> _WHAT THIS TASK INVOLVES_: Filter the material below so that only lines containing "coefficient" remain.
------ THE RECORDS ------
(* (1) $\mathbb{S}_1^*=K^*(1+F)^*\simeq K^*\times\mathrm{GL}_\infty(K)$. (2) $Z(\mathbb{S}_1^* )=K^*$ and $Z((1+F)^* )=\{1\}$. (3) $\mathrm{Inn}(\mathbb{S}_1)\simeq\mathrm{GL}_\infty(K)$ via $\omega_u\leftrightarrow u$ for $u\in(1+F)^*$.
   Context: $K$ is a field of characteristic zero. $\mathbb{S}_1=K\langle x,y\mid yx=1\rangle$; $\mathbb{S}_1^*$ is its group of units and $Z(G)$ denotes the centre of a group $G$. For $i,j\in\mathbb{N}$, $E_{ij}:=x^iy^j-x^{i+1}y^{j+1}$, and $F=\bigoplus_{i,j}KE_{ij}$, an ideal isomorphic to the algebra $M_\infty(K)=\bigcup_{d\ge1}M_d(K)$ of $\mathbb{N}\times\mathbb{N}$ matrices with finitely many nonzero entries. $(1+F)^*$ is the group of units of the monoid $1+F$, and $\mathrm{GL}_\infty(K)$ is the group of units of $1+M_\infty(K)$. $\mathrm{Inn}(\mathbb{S}_1)=\{\omega_u:a\mapsto uau^{-1}\mid u\in\mathbb{S}_1^*\}$. *)

theory Defs
  imports "HOL-Algebra.Group" "HOL-Algebra.Coset" "HOL-Library.FuncSet"
begin

text \<open>S_1 has the K-basis of monomials x^i y^j (i, j natural numbers).
An element of S_1 is represented by its finitely supported coefficient
function c :: nat \<times> nat \<Rightarrow> K, where c (i,j) is the coefficient of x^i y^j.
Since y^j x^k = x^(k-j) if j \<le> k and y^(j-k) otherwise, the product
of monomials is x^i y^j * x^k y^l = x^(i+k-j) y^l (j \<le> k) resp.
x^i y^(j-k+l) (k < j).\<close>

definition mon_mult :: "nat \<times> nat \<Rightarrow> nat \<times> nat \<Rightarrow> nat \<times> nat" where
  "mon_mult p q = (case p of (i, j) \<Rightarrow> case q of (k, l) \<Rightarrow>
     if j \<le> k then (i + k - j, l) else (i, j - k + l))"

definition supp2 :: "(nat \<times> nat \<Rightarrow> 'a::zero) \<Rightarrow> (nat \<times> nat) set" where
  "supp2 f = {p. f p \<noteq> 0}"

definition s1_mult :: "(nat \<times> nat \<Rightarrow> 'a::field) \<Rightarrow> (nat \<times> nat \<Rightarrow> 'a) \<Rightarrow> (nat \<times> nat \<Rightarrow> 'a)" where
  "s1_mult f g = (\<lambda>m. \<Sum>(p, q) \<in> {(p, q). p \<in> supp2 f \<and> q \<in> supp2 g \<and> mon_mult p q = m}. f p * g q)"

definition monom_xy :: "nat \<Rightarrow> nat \<Rightarrow> (nat \<times> nat \<Rightarrow> 'a::field)" where
  "monom_xy i j = (\<lambda>p. if p = (i, j) then 1 else 0)"

definition scal :: "'a::field \<Rightarrow> (nat \<times> nat \<Rightarrow> 'a)" where
  "scal c = (\<lambda>p. if p = (0, 0) then c else 0)"

definition S1 :: "(nat \<times> nat \<Rightarrow> 'a::field) monoid" where
  "S1 = \<lparr>carrier = {f. finite (supp2 f)}, mult = s1_mult, one = monom_xy 0 0\<rparr>"

definition Kstar_in_S1 :: "(nat \<times> nat \<Rightarrow> 'a::field) set" where
  "Kstar_in_S1 = {scal c | c. c \<noteq> 0}"

definition Emat :: "nat \<Rightarrow> nat \<Rightarrow> (nat \<times> nat \<Rightarrow> 'a::field)" where
  "Emat i j = (\<lambda>p. monom_xy i j p - monom_xy (Suc i) (Suc j) p)"

definition Fideal :: "(nat \<times> nat \<Rightarrow> 'a::field) set" where
  "Fideal = {(\<lambda>p. \<Sum>q\<in>A. c q * Emat (fst q) (snd q) p) | A c. finite A}"

definition onePlusF :: "(nat \<times> nat \<Rightarrow> 'a::field) monoid" where
  "onePlusF = S1\<lparr>carrier := {(\<lambda>p. monom_xy 0 0 p + f p) | f. f \<in> Fideal}\<rparr>"

text \<open>In such a matrix
every row has only finitely many nonzero entries, so the product below
(sum over the nonzero entries of row i of A) is the usual matrix product.\<close>

definition idmat :: "nat \<times> nat \<Rightarrow> 'a::field" where
  "idmat = (\<lambda>(i, j). if i = j then 1 else 0)"

definition matmult :: "(nat \<times> nat \<Rightarrow> 'a::field) \<Rightarrow> (nat \<times> nat \<Rightarrow> 'a) \<Rightarrow> (nat \<times> nat \<Rightarrow> 'a)" where
  "matmult A B = (\<lambda>(i, k). \<Sum>j \<in> {j. A (i, j) \<noteq> 0}. A (i, j) * B (j, k))"

definition onePlusMinf :: "(nat \<times> nat \<Rightarrow> 'a::field) monoid" where
  "onePlusMinf = \<lparr>carrier = {A. finite {p. A p \<noteq> idmat p}}, mult = matmult, one = idmat\<rparr>"

definition GL_inf :: "(nat \<times> nat \<Rightarrow> 'a::field) monoid" where
  "GL_inf = units_of onePlusMinf"

definition Kmult :: "'a::field monoid" where
  "Kmult = \<lparr>carrier = {c. c \<noteq> 0}, mult = (*), one = 1\<rparr>"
------
> _OUTPUT BELOW_:
An element of S_1 is represented by its finitely supported coefficient
function c :: nat \<times> nat \<Rightarrow> K, where c (i,j) is the coefficient of x^i y^j.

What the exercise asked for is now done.